Рано утром проснулся от собственного вопля. Мне приснился сон, не кошмар, а чудесный сон, который не явился бы мне и за тысячу кайфов. Я плавал в огромном бассейне, все время был под водой, хотя это неважно. По-моему, действие разворачивалось не в наше время, люди были одеты старомодно. И рядом со мной я увидел девушку. Она казалась не особо красивой, но потом, вдруг, она улыбнулась. Я почувствовал, как ее улыбка пришла ко мне, потом жаркие волны окутали меня, пронзили все тело, и на кончиках пальцев проступили цветные блики. До сих пор помню ее лицо, странное европейское лицо с жутко печальными ввалившимися глазами, словно говорящими, что она доселе ни разу не улыбалась. С минуту я обнимал ее, затем она расплакалась и убежала. Ее ждали родители.
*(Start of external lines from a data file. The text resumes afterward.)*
lemma real_polynomial_function_cis_in_trig_polys:
  assumes "real_polynomial_function q"
  shows "(\<lambda>t. complex_of_real (q (cis (2 * pi * t)))) \<in> trig_polys"
  using assms
proof induction
  case (linear q)
  then interpret bounded_linear q .
  have "q (cis (2 * pi * t)) = cos (2 * pi * t) * q 1 + sin (2 * pi * t) * q \<i>" for t
  proof -
    have "cis (2 * pi * t) = cos (2 * pi * t) *\<^sub>R 1 + sin (2 * pi * t) *\<^sub>R \<i>"
      by (simp add: complex_eq_iff)
    then have "q (cis (2 * pi * t)) = q (cos (2 * pi * t) *\<^sub>R 1 + sin (2 * pi * t) *\<^sub>R \<i>)"
      by (rule arg_cong)
    then show ?thesis by (simp add: add scaleR)
  qed
  then have "(\<lambda>t. complex_of_real (q (cis (2 * pi * t)))) =
      (\<lambda>t. of_real (q 1) * of_real (cos (2 * pi * t)) + of_real (q \<i>) * of_real (sin (2 * pi * t)))"
    by (simp add: mult.commute)
  then show ?case
    using trig_polys_mult[OF trig_polys_const] trig_polys_cos_sin by (simp add: trig_polys.add)
next
  case (const c)
  then show ?case by (rule trig_polys_const)
next
  case (add q\<^sub>1 q\<^sub>2)
  then show ?case by (simp add: trig_polys.add)
next
  case (mult q\<^sub>1 q\<^sub>2)
  then show ?case by (simp add: trig_polys_mult)
qed

lemma polynomial_function_cis_in_trig_polys:
  assumes "polynomial_function p"
  shows "(\<lambda>t. p (cis (2 * pi * t))) \<in> trig_polys"
proof -
  have "real_polynomial_function (\<lambda>z. Re (p z))" "real_polynomial_function (\<lambda>z. Im (p z))"
    using assms bounded_linear_Re bounded_linear_Im unfolding polynomial_function_def o_def by blast+
  then have "(\<lambda>t. of_real (Re (p (cis (2 * pi * t)))) + \<i> * of_real (Im (p (cis (2 * pi * t))))) \<in> trig_polys"
    using real_polynomial_function_cis_in_trig_polys trig_polys_mult[OF trig_polys_const]
    by (intro trig_polys.add) auto
  moreover have "(\<lambda>t. of_real (Re (p (cis (2 * pi * t)))) + \<i> * of_real (Im (p (cis (2 * pi * t)))))
      = (\<lambda>t. p (cis (2 * pi * t)))"
    by (auto simp: complex_eq_iff)
  ultimately show ?thesis by simp
qed

lemma trig_polys_continuous: "q \<in> trig_polys \<Longrightarrow> continuous_on S q"
proof (induction rule: trig_polys.induct)
  case (monomial a m)
  show ?case by (intro continuous_intros)
next
  case (add p q)
  show ?case using add.IH by (rule continuous_on_add)
qed

lemma integral_mult_trig_polys_eq_0:
  fixes H :: "real \<Rightarrow> complex"
  assumes cont: "continuous_on {0..1} H"
    and orth: "\<And>m::int. integral {0..1} (\<lambda>t. H t * cis (2 * pi * of_int m * t)) = 0"
    and "q \<in> trig_polys"
  shows "integral {0..1} (\<lambda>t. H t * q t) = 0"
  using \<open>q \<in> trig_polys\<close>
proof induction
  case (monomial a m)
  have "(\<lambda>t. H t * (a * cis (2 * pi * of_int m * t))) = (\<lambda>t. a * (H t * cis (2 * pi * of_int m * t)))"
    by (simp add: ac_simps)
  then show ?case using orth[of m] by simp
next
  case (add p q)
  have "(\<lambda>t. H t * r t) integrable_on {0..1}" if "r \<in> trig_polys" for r
    using continuous_on_mult[OF cont trig_polys_continuous[OF that]]
    by (rule integrable_continuous_interval)
  then show ?case using add by (simp add: distrib_left integral_add)
qed

lemma Arg2pi_cis_2pi: "0 \<le> t \<Longrightarrow> t < 1 \<Longrightarrow> Arg2pi (cis (2 * pi * t)) = 2 * pi * t"
  by (rule Arg2pi_unique[of 1]) (auto simp: cis_conv_exp)

lemma cis_2pi_image: "(\<lambda>t. cis (2 * pi * t)) ` {0..1} = sphere 0 1"
proof
  show "sphere 0 1 \<subseteq> (\<lambda>t. cis (2 * pi * t)) ` {0..1}"
  proof
    fix z :: complex assume "z \<in> sphere 0 1"
    then have "cis (2 * pi * (Arg2pi z / (2 * pi))) = z"
      by (simp add: cis_conv_exp complex_norm_eq_1_exp)
    moreover have "Arg2pi z / (2 * pi) \<in> {0..1}"
      using Arg2pi_ge_0[of z] Arg2pi_lt_2pi[of z] by auto
    ultimately show "z \<in> (\<lambda>t. cis (2 * pi * t)) ` {0..1}" by force
  qed
qed auto

lemma circle_lift_cis:
  assumes "H 0 = H 1" "t \<in> {0..1}"
  shows "H (Arg2pi (cis (2 * pi * t)) / (2 * pi)) = H t"
proof (cases "t = 1")
  case True
  have "Arg2pi 1 = 0" by (rule Arg2pi_unique[of 1]) auto
  then show ?thesis using True assms(1) by simp
qed (use assms(2) Arg2pi_cis_2pi in auto)

lemma continuous_on_circle_lift:
  fixes H :: "real \<Rightarrow> 'a::topological_space"
  assumes cont: "continuous_on {0..1} H" and "H 0 = H 1"
  shows "continuous_on (sphere 0 1) (\<lambda>z. H (Arg2pi z / (2 * pi)))"
  unfolding continuous_openin_preimage_eq
proof (intro allI impI)
  define E where "E t = cis (2 * pi * t)" for t
  let ?G = "\<lambda>z. H (Arg2pi z / (2 * pi))"
  fix V :: "'a set" assume "open V"
  define U where "U = sphere 0 1 \<inter> ?G -` V"
  \<comment> \<open>\<open>E\<close> is a quotient map from \<open>[0,1]\<close> onto the circle, since \<open>[0,1]\<close> is compact\<close>
  have "{0..1} \<inter> E -` U = {0..1} \<inter> H -` V"
    using circle_lift_cis[OF assms(2)] by (auto simp: U_def E_def)
  moreover have "openin (top_of_set {0..1}) ({0..1} \<inter> H -` V)"
    using cont \<open>open V\<close> unfolding continuous_openin_preimage_eq by blast
  moreover have "continuous_on {0..1} E" unfolding E_def by (intro continuous_intros)
  ultimately show "openin (top_of_set (sphere 0 1)) (sphere 0 1 \<inter> ?G -` V)"
    using Abstract_Topology_2.continuous_imp_quotient_map[of "{0..1}" E "sphere 0 1" U]
      cis_2pi_image by (simp add: U_def E_def)
qed

lemma integral_norm_square_eq_0_if_orthogonal:
  fixes H :: "real \<Rightarrow> complex"
  assumes cont: "continuous_on {0..1} H" and "H 0 = H 1"
    and orth: "\<And>m::int. integral {0..1} (\<lambda>t. H t * cis (2 * pi * of_int m * t)) = 0"
  shows "integral {0..1} (\<lambda>t. (norm (H t))\<^sup>2) = 0"
proof -
  define G where "G z = cnj (H (Arg2pi z / (2 * pi)))" for z
  have G_cis: "G (cis (2 * pi * t)) = cnj (H t)" if "t \<in> {0..1}" for t
    using circle_lift_cis[of "\<lambda>t. cnj (H t)", OF _ that] \<open>H 0 = H 1\<close> by (simp add: G_def)
  have cont_G: "continuous_on (sphere 0 1) G"
    unfolding G_def using \<open>H 0 = H 1\<close>
    by (intro continuous_on_circle_lift[of "\<lambda>t. cnj (H t)"] continuous_on_cnj cont) simp
  obtain M where M: "0 < M" "\<And>t. t \<in> {0..1} \<Longrightarrow> norm (H t) \<le> M"
    using compact_continuous_image[OF cont compact_Icc] compact_imp_bounded bounded_pos
    by (metis image_eqI)
  have I: "((\<lambda>t. (norm (H t))\<^sup>2) has_integral integral {0..1} (\<lambda>t. (norm (H t))\<^sup>2)) {0..1}"
    using cont by (intro integrable_integral integrable_continuous_interval continuous_intros)
  \<comment> \<open>approximate \<open>cnj \<circ> H\<close> uniformly by a trigonometric polynomial, to which \<open>H\<close> is orthogonal\<close>
  have small: "\<bar>integral {0..1} (\<lambda>t. (norm (H t))\<^sup>2)\<bar> \<le> M * e" if "0 < e" for e
  proof -
    obtain p where p: "polynomial_function p" "\<And>z. z \<in> sphere 0 1 \<Longrightarrow> norm (G z - p z) < e"
      using Stone_Weierstrass_polynomial_function[OF compact_sphere cont_G \<open>0 < e\<close>] by blast
    let ?q = "\<lambda>t. p (cis (2 * pi * t))"
    have q: "?q \<in> trig_polys" by (rule polynomial_function_cis_in_trig_polys[OF p(1)])
    have cont_q: "continuous_on {0..1} ?q" by (rule trig_polys_continuous[OF q])
    have cont_diff: "continuous_on {0..1} (\<lambda>t. H t * (cnj (H t) - ?q t))"
      by (intro continuous_on_mult continuous_on_diff continuous_on_cnj cont cont_q)
    have "integral {0..1} (\<lambda>t. H t * cnj (H t))
        = integral {0..1} (\<lambda>t. H t * (cnj (H t) - ?q t) + H t * ?q t)"
      by (simp add: algebra_simps)
    also have "\<dots> = integral {0..1} (\<lambda>t. H t * (cnj (H t) - ?q t))"
      using integral_mult_trig_polys_eq_0[OF cont orth q] continuous_on_mult[OF cont cont_q] cont_diff
      by (simp add: integral_add integrable_continuous_interval)
    also have "norm \<dots> \<le> (M * e) * (1 - 0)"
    proof (rule integral_bound[OF _ cont_diff])
      fix t :: real assume t: "t \<in> {0..1}"
      have "norm (H t * (cnj (H t) - ?q t)) = norm (H t) * norm (G (cis (2 * pi * t)) - ?q t)"
        by (simp add: G_cis[OF t] norm_mult)
      also have "\<dots> \<le> M * e"
        using M p(2)[of "cis (2 * pi * t)"] t by (intro mult_mono) auto
      finally show "norm (H t * (cnj (H t) - ?q t)) \<le> M * e" .
    qed simp
    finally have "norm (integral {0..1} (\<lambda>t. H t * cnj (H t))) \<le> M * e" by simp
    moreover have "integral {0..1} (\<lambda>t. H t * cnj (H t)) = of_real (integral {0..1} (\<lambda>t. (norm (H t))\<^sup>2))"
      unfolding complex_norm_square[symmetric] by (rule integral_unique[OF has_integral_of_real[OF I]])
    ultimately show ?thesis by simp
  qed
  have "\<bar>integral {0..1} (\<lambda>t. (norm (H t))\<^sup>2)\<bar> \<le> 0 + e" if "0 < e" for e
    using small[of "e / M"] M(1) that by simp
  then have "\<bar>integral {0..1} (\<lambda>t. (norm (H t))\<^sup>2)\<bar> \<le> 0" by (rule field_le_epsilon)
  then show ?thesis by simp
qed
lemma sum_Pow_insert:
  assumes "finite A" "x \<notin> A"
  shows "(\<Sum>X\<in>Pow (insert x A). f X) = (\<Sum>X\<in>Pow A. f X) + (\<Sum>X\<in>Pow A. f (insert x X))"
proof -
  have "(\<Sum>X\<in>Pow (insert x A). f X) = (\<Sum>X\<in>Pow A. f X) + (\<Sum>X\<in>insert x ` Pow A. f X)"
    unfolding Pow_insert by (rule sum.union_disjoint) (use assms in auto)
  also have "(\<Sum>X\<in>insert x ` Pow A. f X) = (\<Sum>X\<in>Pow A. f (insert x X))"
    by (rule sum.reindex_cong[where l="insert x"]) (use assms in \<open>auto intro!: inj_onI\<close>)
  finally show ?thesis .
qed

lemma zetaD_upto_snoc:
  assumes "m \<le> N"
  shows "zetaD_upto N (ks @ [k]) m = iter_sum N k (zetaD_upto N ks) m"
proof -
  let ?r = "length ks"
  define I where "I = {i \<in> {1..?r}. ks ! (i - 1) = 1}"
  have I_sub: "A \<subseteq> {1..?r}" if "A \<in> Pow I" for A using that unfolding I_def by auto
  have upto_I: "zetaD_upto N ks j = (\<Sum>A\<in>Pow I. zetaD_upto_part N ks A j)" for j
    unfolding zetaD_upto_def I_def ..
  have ones_snoc: "{i \<in> {1..length (ks @ [k])}. (ks @ [k]) ! (i - 1) = 1}
      = (if k = 1 then insert (Suc ?r) I else I)"
    unfolding I_def by (auto simp: nth_append)
  have lower: "(\<Sum>A\<in>Pow I. zetaD_upto_part N (ks @ [k]) A m)
      = (\<Sum>j\<in>{1..<m}. 1 / of_nat j ^ k * zetaD_upto N ks j)"
  proof -
    have "(\<Sum>A\<in>Pow I. zetaD_upto_part N (ks @ [k]) A m)
        = (\<Sum>A\<in>Pow I. \<Sum>j\<in>{1..<m}. 1 / of_nat j ^ k * zetaD_upto_part N ks A j)"
      using zetaD_upto_part_snoc[OF I_sub assms] by simp
    also have "\<dots> = (\<Sum>j\<in>{1..<m}. 1 / of_nat j ^ k * (\<Sum>A\<in>Pow I. zetaD_upto_part N ks A j))"
      unfolding sum_distrib_left by (rule sum.swap)
    finally show ?thesis unfolding upto_I .
  qed
  show ?thesis
  proof (cases "k = 1")
    case False
    with lower ones_snoc show ?thesis by (simp add: zetaD_upto_def iter_sum_def)
  next
    case True
    have "(\<Sum>A\<in>Pow I. zetaD_upto_part N (ks @ [k]) (insert (Suc ?r) A) m)
        = (\<Sum>A\<in>Pow I. \<Sum>j\<in>{1..min m (N-1)}. 1 / of_nat (N - j) * zetaD_upto_part N ks A j)"
      using zetaD_upto_part_snoc_insert[OF I_sub] by simp
    also have "\<dots> = (\<Sum>j\<in>{1..min m (N-1)}. 1 / of_nat (N - j) * (\<Sum>A\<in>Pow I. zetaD_upto_part N ks A j))"
      unfolding sum_distrib_left by (rule sum.swap)
    finally have upper: "(\<Sum>A\<in>Pow I. zetaD_upto_part N (ks @ [k]) (insert (Suc ?r) A) m)
        = (\<Sum>j\<in>{1..min m (N-1)}. 1 / of_nat (N - j) * zetaD_upto N ks j)"
      unfolding upto_I .
    have "finite I" "Suc ?r \<notin> I" unfolding I_def by auto
    with lower upper ones_snoc True show ?thesis
      by (simp add: zetaD_upto_def iter_sum_def sum_Pow_insert)
  qed
qed
lemma (in group) p_elements_eq_Union_Sylow:
  assumes fin: "finite (carrier G)" and p: "Factorial_Ring.prime p"
  shows "p_elements G p = \<Union> (Sylow_subgroups G p)"
proof
  show "\<Union> (Sylow_subgroups G p) \<subseteq> p_elements G p"
  proof
    fix x assume "x \<in> \<Union> (Sylow_subgroups G p)"
    then obtain Q where Q: "subgroup Q G" "card Q = p ^ multiplicity p (order G)" "x \<in> Q"
      by (auto simp: Sylow_subgroups_def)
    then have x: "x \<in> carrier G"
      using subgroup.mem_carrier by metis
    have "generate G {x} \<subseteq> Q"
      using Q(1,3) by (intro generate_subgroup_incl) auto
    then have "card (generate G {x}) dvd card Q"
      using Q(1) x by (intro card_subgroup_dvd generate_is_subgroup) auto
    then have "ord x dvd p ^ multiplicity p (order G)"
      using Q(2) x by (simp add: generate_pow_card)
    then obtain e where "ord x = p ^ e"
      using p by (auto simp: divides_primepow_nat)
    then show "x \<in> p_elements G p"
      using x by (auto simp: p_elements_def)
  qed
next
  show "p_elements G p \<subseteq> \<Union> (Sylow_subgroups G p)"
  proof
    fix x assume "x \<in> p_elements G p"
    then obtain e where x: "x \<in> carrier G" "card (generate G {x}) = p ^ e"
      unfolding p_elements_def using generate_pow_card by auto
    obtain P where P: "P \<in> Sylow_subgroups G p"
      using Sylow_subgroups_nonempty[OF fin p] by blast
    obtain g where "g \<in> carrier G" "generate G {x} \<subseteq> g <# P #> inv g"
      using p_subgroup_subset_conjugate_Sylow[OF fin p P _ x(2)] generate_is_subgroup x(1) by blast
    moreover have "x \<in> generate G {x}"
      by (simp add: generate.incl)
    ultimately show "x \<in> \<Union> (Sylow_subgroups G p)"
      using conjugate_Sylow[OF P] by blast
  qed
qed

section \<open>Sylow subgroups with a normal complement\<close>

locale Sylow_normal_complement = group G for G (structure) +
  fixes p :: nat and P N :: "'a set"
  assumes finite_carrier: "finite (carrier G)"
    and prime_p: "Factorial_Ring.prime p"
    and Sylow_P: "P \<in> Sylow_subgroups G p"
    and normal_N: "N \<lhd> G"
    and P_mult_N: "P <#> N = carrier G"
    and coprime_card: "coprime (card P) (card N)"
    and centralizer_P: "centralizer_in G N P = {\<one>}"
begin

lemma subgroup_P: "subgroup P G"
  using Sylow_P by (simp add: Sylow_subgroups_def)

lemma subgroup_N: "subgroup N G"
  using normal_N by (rule normal_imp_subgroup)

lemma P_subset: "P \<subseteq> carrier G"
  using subgroup_P by (rule subgroup.subset)

lemma N_subset: "N \<subseteq> carrier G"
  using subgroup_N by (rule subgroup.subset)

lemma commute_if_conjugate_mem_P:
  assumes a: "a \<in> P" and m: "m \<in> N" and conj: "m \<otimes> a \<otimes> inv m \<in> P"
  shows "a \<otimes> m = m \<otimes> a"
proof -
  have aG: "a \<in> carrier G" and mG: "m \<in> carrier G"
    using a m P_subset N_subset by auto
  let ?c = "m \<otimes> a \<otimes> inv m \<otimes> inv a"
  have "?c \<in> P"
    using subgroup_P conj a by (simp add: subgroup.m_closed subgroup.m_inv_closed)
  moreover have "a \<otimes> inv m \<otimes> inv a \<in> N"
    using normal.inv_op_closed2[OF normal_N aG] subgroup.m_inv_closed[OF subgroup_N m] .
  then have "?c \<in> N"
    using subgroup.m_closed[OF subgroup_N m] aG mG by (simp add: m_assoc)
  ultimately have "?c = \<one>"
    using subgroups_Int_eq_one_if_coprime_card[OF subgroup_P subgroup_N coprime_card] by blast
  then have "m \<otimes> a \<otimes> inv m = a"
    using aG mG by (metis inv_closed inv_solve_right m_closed one_closed l_one)
  then show ?thesis
    using aG mG by (metis inv_solve_right m_closed)
qed

lemma conjugate_mem_conjugate_P_iff:
  assumes a: "a \<in> P" and n: "n \<in> N" and n': "n' \<in> N"
  shows "n \<otimes> a \<otimes> inv n \<in> n' <# P #> inv n' \<longleftrightarrow> inv n' \<otimes> n \<in> centralizer_in G N {a}"
proof -
  let ?m = "inv n' \<otimes> n"
  have aG: "a \<in> carrier G" and nG: "n \<in> carrier G" and n'G: "n' \<in> carrier G"
    using a n n' P_subset N_subset by auto
  have mN: "?m \<in> N"
    using subgroup_N n n' by (simp add: subgroup.m_closed subgroup.m_inv_closed)
  have "n \<otimes> a \<otimes> inv n \<in> n' <# P #> inv n' \<longleftrightarrow> ?m \<otimes> a \<otimes> inv ?m \<in> P"
    using aG nG n'G by (simp add: mem_conjugate_iff[OF P_subset] inv_mult_group m_assoc)
  also have "\<dots> \<longleftrightarrow> a \<otimes> ?m = ?m \<otimes> a"
  proof
    show "?m \<otimes> a \<otimes> inv ?m \<in> P \<Longrightarrow> a \<otimes> ?m = ?m \<otimes> a"
      using a mN by (rule commute_if_conjugate_mem_P)
    show "a \<otimes> ?m = ?m \<otimes> a \<Longrightarrow> ?m \<otimes> a \<otimes> inv ?m \<in> P"
      using a aG nG n'G by (metis inv_solve_right m_closed inv_closed)
  qed
  finally show ?thesis
    using mN by (simp add: centralizer_in_def)
qed

lemma conjugate_P_inj_on_N: "inj_on (\<lambda>n. n <# P #> inv n) N"
proof (rule inj_onI)
  fix n n' assume n: "n \<in> N" and n': "n' \<in> N" and eq: "n <# P #> inv n = n' <# P #> inv n'"
  have nG: "n \<in> carrier G" and n'G: "n' \<in> carrier G"
    using n n' N_subset by auto
  have "inv n' \<otimes> n \<in> centralizer_in G N {a}" if a: "a \<in> P" for a
  proof -
    have "n \<otimes> a \<otimes> inv n \<in> n' <# P #> inv n'"
      using a nG P_subset eq[symmetric] by (simp add: conjugate_eq_image)
    then show ?thesis
      using conjugate_mem_conjugate_P_iff[OF a n n'] by blast
  qed
  moreover have "inv n' \<otimes> n \<in> N"
    using subgroup_N n n' by (simp add: subgroup.m_closed subgroup.m_inv_closed)
  ultimately have "inv n' \<otimes> n \<in> centralizer_in G N P"
    unfolding centralizer_in_def by blast
  then have "n' \<otimes> (inv n' \<otimes> n) = n'"
    using centralizer_P n'G by simp
  then show "n = n'"
    using nG n'G by simp
qed

lemma Sylow_subgroups_eq_conjugates_by_N:
  "Sylow_subgroups G p = (\<lambda>n. n <# P #> inv n) ` N"
proof
  show "(\<lambda>n. n <# P #> inv n) ` N \<subseteq> Sylow_subgroups G p"
    using conjugate_Sylow[OF Sylow_P] N_subset by blast
next
  show "Sylow_subgroups G p \<subseteq> (\<lambda>n. n <# P #> inv n) ` N"
  proof
    fix Q assume "Q \<in> Sylow_subgroups G p"
    then obtain g where g: "g \<in> carrier G" "Q = g <# P #> inv g"
      using Sylow_conjugate[OF finite_carrier prime_p Sylow_P] by blast
    have "N <#> P = carrier G"
      using P_mult_N commut_normal[OF subgroup_P normal_N] by simp
    then obtain n a where "n \<in> N" "a \<in> P" "g = n \<otimes> a"
      using g(1) unfolding set_mult_def by blast
    moreover have "n \<in> carrier G"
      using \<open>n \<in> N\<close> N_subset by blast
    ultimately show "Q \<in> (\<lambda>n. n <# P #> inv n) ` N"
      using g(2) conjugate_mult_mem_eq[OF subgroup_P] by auto
  qed
qed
Я разглядел, что она прихрамывает. А они все вместе залезли в старую машину и поехали прочь. Я очутился на капоте машины с криком, куда ее увозят. Ее везли «домой». Они все время повторяли «дом». Я видел, как она обернулась, пока они продолжали произносить это слово, и проснулся. И весь день я знал, что где-то в моем мире живет невероятная любовь... и мне стало грустно. Мне надо рассказать, но я не могу, она принадлежит лишь мне, а для остальных это всего-навсего эротические фантазии. И я ощутил волшебную боль в венах, пытаясь во всем разобраться. Давным-давно похожие сны снились мне зимой.
Слышал от чувака, с кем много лет назад вместе играл в Бидди-Лиг, находившейся на 29-й Восточной, что мой старый кореш Герби проходит по делу об убийстве. Типа он столкнул с крыши некого типа, которого поймал, когда тот пытался смотаться с приличной суммой, данной ему на приобретение наркоты.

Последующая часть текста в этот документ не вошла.